Can a song in one key contain notes in another key?
Question: Can a song in one key contain notes in another key?

Answer: The short answer to the first part is: no.

The longer answer goes something like this: a piece is said to be in a certain key if it creates the sense that the tonic harmony of that key is "home base." That will be the feeling you get if the music repeatedly "cadences" in that key. The kind of cadence I mean is where the harmony moves from the dominant (major chord built on the 5th note of the scale) to the tonic (the chord built on the tonic note of the key). Especially, of course, in the final cadence at the end.

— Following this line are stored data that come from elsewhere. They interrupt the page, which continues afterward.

(* Let $\alpha>0$, $0<p<1$, and for $j=1,\dots,n$ let $(X_{j1},X_{j2})\sim BDEW(\alpha,p,\beta_{j1},\beta_{j2},\beta_{j3})$ with $\beta_{j1},\beta_{j2},\beta_{j3}>0$, the pairs $(X_{j1},X_{j2})$, $j=1,\dots,n$, being independent. Let $Z_1=\max\{X_{11},\dots,X_{n1}\}$ and $Z_2=\max\{X_{12},\dots,X_{n2}\}$. Then $$(Z_1,Z_2)\sim BDEW\Big(\alpha,p,\sum_{j=1}^n\beta_{j1},\sum_{j=1}^n\beta_{j2},\sum_{j=1}^n\beta_{j3}\Big).$$
   Context: The exponentiated discrete Weibull distribution $EDW(\alpha,p,\beta)$ ($\alpha,\beta>0$, $0<p<1$) is the distribution on $\mathbb{N}_0=\{0,1,2,\dots\}$ with cumulative distribution function $F_{EDW}(x;\alpha,p,\beta)=[1-p^{([x]+1)^{\alpha}}]^{\beta}$ for real $x\ge 0$, where $[x]$ is the largest integer $\le x$. The bivariate discrete exponentiated Weibull distribution $BDEW(\alpha,p,\beta_1,\beta_2,\beta_3)$ is the distribution of $(\max\{V_1,V_3\},\max\{V_2,V_3\})$ where $V_1,V_2,V_3$ are independent with $V_i\sim EDW(\alpha,p,\beta_i)$; equivalently it has joint CDF $F(x_1,x_2)=[1-p^{(x_1+1)^{\alpha}}]^{\beta_1}[1-p^{(x_2+1)^{\alpha}}]^{\beta_2}[1-p^{(\min\{x_1,x_2\}+1)^{\alpha}}]^{\beta_3}$ for $x_1,x_2\in\mathbb{N}_0$. *)

theory Defs
  imports "HOL-Probability.Probability"
begin

definition edw_cdf :: "real \<Rightarrow> real \<Rightarrow> real \<Rightarrow> nat \<Rightarrow> real" where
  "edw_cdf \<alpha> p \<beta> x = (1 - p powr ((real x + 1) powr \<alpha>)) powr \<beta>"

definition bdew_cdf :: "real \<Rightarrow> real \<Rightarrow> real \<Rightarrow> real \<Rightarrow> real \<Rightarrow> nat \<Rightarrow> nat \<Rightarrow> real" where
  "bdew_cdf \<alpha> p \<beta>1 \<beta>2 \<beta>3 x1 x2 =
     edw_cdf \<alpha> p \<beta>1 x1 * edw_cdf \<alpha> p \<beta>2 x2 * edw_cdf \<alpha> p \<beta>3 (min x1 x2)"

text \<open>A random pair Y (with values in N_0 x N_0) on M has the BDEW distribution:
  it is a random variable and its joint CDF is the BDEW joint CDF
  (a distribution on N_0^2 is determined by its joint CDF).\<close>
definition has_bdew ::
  "'a measure \<Rightarrow> ('a \<Rightarrow> nat \<times> nat) \<Rightarrow> real \<Rightarrow> real \<Rightarrow> real \<Rightarrow> real \<Rightarrow> real \<Rightarrow> bool" where
  "has_bdew M Y \<alpha> p \<beta>1 \<beta>2 \<beta>3 \<longleftrightarrow>
     Y \<in> measurable M (count_space UNIV) \<and>
     (\<forall>x1 x2. measure M {\<omega> \<in> space M. fst (Y \<omega>) \<le> x1 \<and> snd (Y \<omega>) \<le> x2}
                = bdew_cdf \<alpha> p \<beta>1 \<beta>2 \<beta>3 x1 x2)"

end

(* (Z1, Z2) lies below (x1, x2) exactly when every pair (X_j1, X_j2) does, so by independence
   its joint CDF is the product of the BDEW joint CDFs. Each factor is a product of powers of
   the bases 1 - p^((x+1)^alpha), and multiplying powers of a common positive base adds the
   exponents beta. *)
theory Submission
  imports Defs
begin

lemma edw_cdf_base_pos:
  fixes p :: real
  assumes "0 < p" "p < 1"
  shows "0 < 1 - p powr ((real x + 1) powr \<alpha>)"
proof -
  have "p powr ((real x + 1) powr \<alpha>) < 1 powr ((real x + 1) powr \<alpha>)"
    using assms by (intro powr_less_mono2) auto
  then show ?thesis by simp
qed

lemma edw_cdf_prod:
  assumes "0 < p" "p < 1"
  shows "(\<Prod>j\<in>I. edw_cdf \<alpha> p (\<beta> j) x) = edw_cdf \<alpha> p (\<Sum>j\<in>I. \<beta> j) x"
  unfolding edw_cdf_def
  using powr_sum[of "1 - p powr ((real x + 1) powr \<alpha>)" \<beta> I] edw_cdf_base_pos[OF assms, of x \<alpha>]
  by simp

lemma bdew_cdf_prod:
  assumes "0 < p" "p < 1"
  shows "(\<Prod>j\<in>I. bdew_cdf \<alpha> p (\<beta>1 j) (\<beta>2 j) (\<beta>3 j) x1 x2)
           = bdew_cdf \<alpha> p (\<Sum>j\<in>I. \<beta>1 j) (\<Sum>j\<in>I. \<beta>2 j) (\<Sum>j\<in>I. \<beta>3 j) x1 x2"
  unfolding bdew_cdf_def prod.distrib edw_cdf_prod[OF assms] ..

lemma measurable_Max_count_space:
  fixes f :: "'i \<Rightarrow> 'a \<Rightarrow> 'b::{countable, linorder}"
  assumes "finite I" "I \<noteq> {}"
    and [measurable]: "\<And>i. i \<in> I \<Longrightarrow> f i \<in> measurable M (count_space UNIV)"
  shows "(\<lambda>\<omega>. Max ((\<lambda>i. f i \<omega>) ` I)) \<in> measurable M (count_space UNIV)"
  unfolding measurable_count_space_eq2_countable
proof (intro conjI ballI)
  fix a :: 'b
  have "Max ((\<lambda>i. f i \<omega>) ` I) = a \<longleftrightarrow> (\<forall>i\<in>I. f i \<omega> \<le> a) \<and> (\<exists>i\<in>I. f i \<omega> = a)" for \<omega>
    using assms(1,2) by (auto simp: Max_eq_iff)
  then have "(\<lambda>\<omega>. Max ((\<lambda>i. f i \<omega>) ` I)) -` {a} \<inter> space M
          = {\<omega> \<in> space M. (\<forall>i\<in>I. f i \<omega> \<le> a) \<and> (\<exists>i\<in>I. f i \<omega> = a)}"
    by blast
  also have "\<dots> \<in> sets M" using assms(1) by measurable
  finally show "(\<lambda>\<omega>. Max ((\<lambda>i. f i \<omega>) ` I)) -` {a} \<inter> space M \<in> sets M" .
qed simp

lemma (in prob_space) prob_Max_le_indep_pairs:
  fixes X :: "'i \<Rightarrow> 'a \<Rightarrow> 'b::linorder \<times> 'c::linorder"
  assumes "indep_vars (\<lambda>_. count_space UNIV) X I" "I \<noteq> {}" "finite I"
  shows "prob {\<omega> \<in> space M. Max ((\<lambda>j. fst (X j \<omega>)) ` I) \<le> x1 \<and> Max ((\<lambda>j. snd (X j \<omega>)) ` I) \<le> x2}
           = (\<Prod>j\<in>I. prob {\<omega> \<in> space M. fst (X j \<omega>) \<le> x1 \<and> snd (X j \<omega>) \<le> x2})"
proof -
  let ?A = "{ab. fst ab \<le> x1 \<and> snd ab \<le> x2}"
  have "{\<omega> \<in> space M. Max ((\<lambda>j. fst (X j \<omega>)) ` I) \<le> x1 \<and> Max ((\<lambda>j. snd (X j \<omega>)) ` I) \<le> x2}
          = (\<Inter>j\<in>I. X j -` ?A \<inter> space M)"
    using assms(2,3) by auto
  also have "prob \<dots> = (\<Prod>j\<in>I. prob (X j -` ?A \<inter> space M))"
    by (rule indep_varsD_finite[OF assms]) simp
  also have "\<dots> = (\<Prod>j\<in>I. prob {\<omega> \<in> space M. fst (X j \<omega>) \<le> x1 \<and> snd (X j \<omega>) \<le> x2})"
    by (intro prod.cong refl arg_cong[where f = prob]) auto
  finally show ?thesis .
qed

theorem mainTheorem6:
  fixes M :: "'a measure" and X :: "nat \<Rightarrow> 'a \<Rightarrow> nat \<times> nat"
    and \<alpha> p :: real and \<beta>1 \<beta>2 \<beta>3 :: "nat \<Rightarrow> real" and n :: nat
  assumes "prob_space M"
    and "n \<ge> 1"
    and "\<alpha> > 0" and "0 < p" and "p < 1"
    and "\<And>j. j \<in> {1..n} \<Longrightarrow> \<beta>1 j > 0 \<and> \<beta>2 j > 0 \<and> \<beta>3 j > 0"
    and "\<And>j. j \<in> {1..n} \<Longrightarrow> has_bdew M (X j) \<alpha> p (\<beta>1 j) (\<beta>2 j) (\<beta>3 j)"
    and "prob_space.indep_vars M (\<lambda>_. count_space UNIV) X {1..n}"
  shows "has_bdew M
           (\<lambda>\<omega>. (Max ((\<lambda>j. fst (X j \<omega>)) ` {1..n}), Max ((\<lambda>j. snd (X j \<omega>)) ` {1..n})))
           \<alpha> p (\<Sum>j=1..n. \<beta>1 j) (\<Sum>j=1..n. \<beta>2 j) (\<Sum>j=1..n. \<beta>3 j)"
proof -
  interpret prob_space M by fact
  have index_set: "{1..n} \<noteq> {}" "finite {1..n}" using \<open>n \<ge> 1\<close> by auto
  have "X j \<in> measurable M (count_space UNIV)" if "j \<in> {1..n}" for j
    using assms(7)[OF that] unfolding has_bdew_def by blast
  then have "(\<lambda>\<omega>. fst (X j \<omega>)) \<in> measurable M (count_space UNIV)"
    and "(\<lambda>\<omega>. snd (X j \<omega>)) \<in> measurable M (count_space UNIV)" if "j \<in> {1..n}" for j
    using that by (auto intro: measurable_compose[OF _ measurable_count_space])
  then have "(\<lambda>\<omega>. (Max ((\<lambda>j. fst (X j \<omega>)) ` {1..n}), Max ((\<lambda>j. snd (X j \<omega>)) ` {1..n})))
          \<in> measurable M (count_space UNIV \<Otimes>\<^sub>M count_space UNIV)"
    by (intro measurable_Pair measurable_Max_count_space index_set)
  moreover have "prob {\<omega> \<in> space M. Max ((\<lambda>j. fst (X j \<omega>)) ` {1..n}) \<le> x1
                                    \<and> Max ((\<lambda>j. snd (X j \<omega>)) ` {1..n}) \<le> x2}
        = bdew_cdf \<alpha> p (\<Sum>j=1..n. \<beta>1 j) (\<Sum>j=1..n. \<beta>2 j) (\<Sum>j=1..n. \<beta>3 j) x1 x2" for x1 x2
    using assms(7) unfolding prob_Max_le_indep_pairs[OF assms(8) index_set]
      bdew_cdf_prod[OF \<open>0 < p\<close> \<open>p < 1\<close>, symmetric] has_bdew_def
    by (intro prod.cong) auto
  ultimately show ?thesis
    unfolding has_bdew_def by (simp add: pair_measure_countable)
qed

end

But in between the beginning and the end all sorts of things might happen, and those could involve borrowing notes that are not actually in the scale belonging to that key. In popular music one of the most common borrowings will come from using a "secondary dominant," also known as "V of V." For example, in C major you might strengthen a change from d minor (the ii chord in C) to G (the dominant in C) by sharping the F in the d minor chord so that becomes major and sounds like it could be the V if you momentarily imagined yourself to be in the key of G. If you kept that up and repeatedly cadenced to G then you'd have "modulated" to the key of G. But if you just do this for the moment, to add some fun to that D chord, you're borrowed a note, F#, from the key of G and yet you're still in C.

Still using C major as the example, other common borrowings might be G#, to make an E major or E7 chord (V or V7 of vi), and C# as part of A or A7 (V or V7 of ii).

A little less usual would be temporary borrowings like Ab as part of a vii 7 dim chord (B,D,F,Ab) that moves to I much like the V chord does. And there are more, generally described as "altered chords."

What all those borrowings have in common is that they are just momentary effects that don't take you far enough away to be called a modulation. If you do use the same altered note repeatedly, for example using the chord pair "V of V, V" several times in a row, then you might give the impression that you're setting up camp in a new key now, and that would be a modulation to the new key.

Answers like this one just seem to go on and on. Not sure when to stop.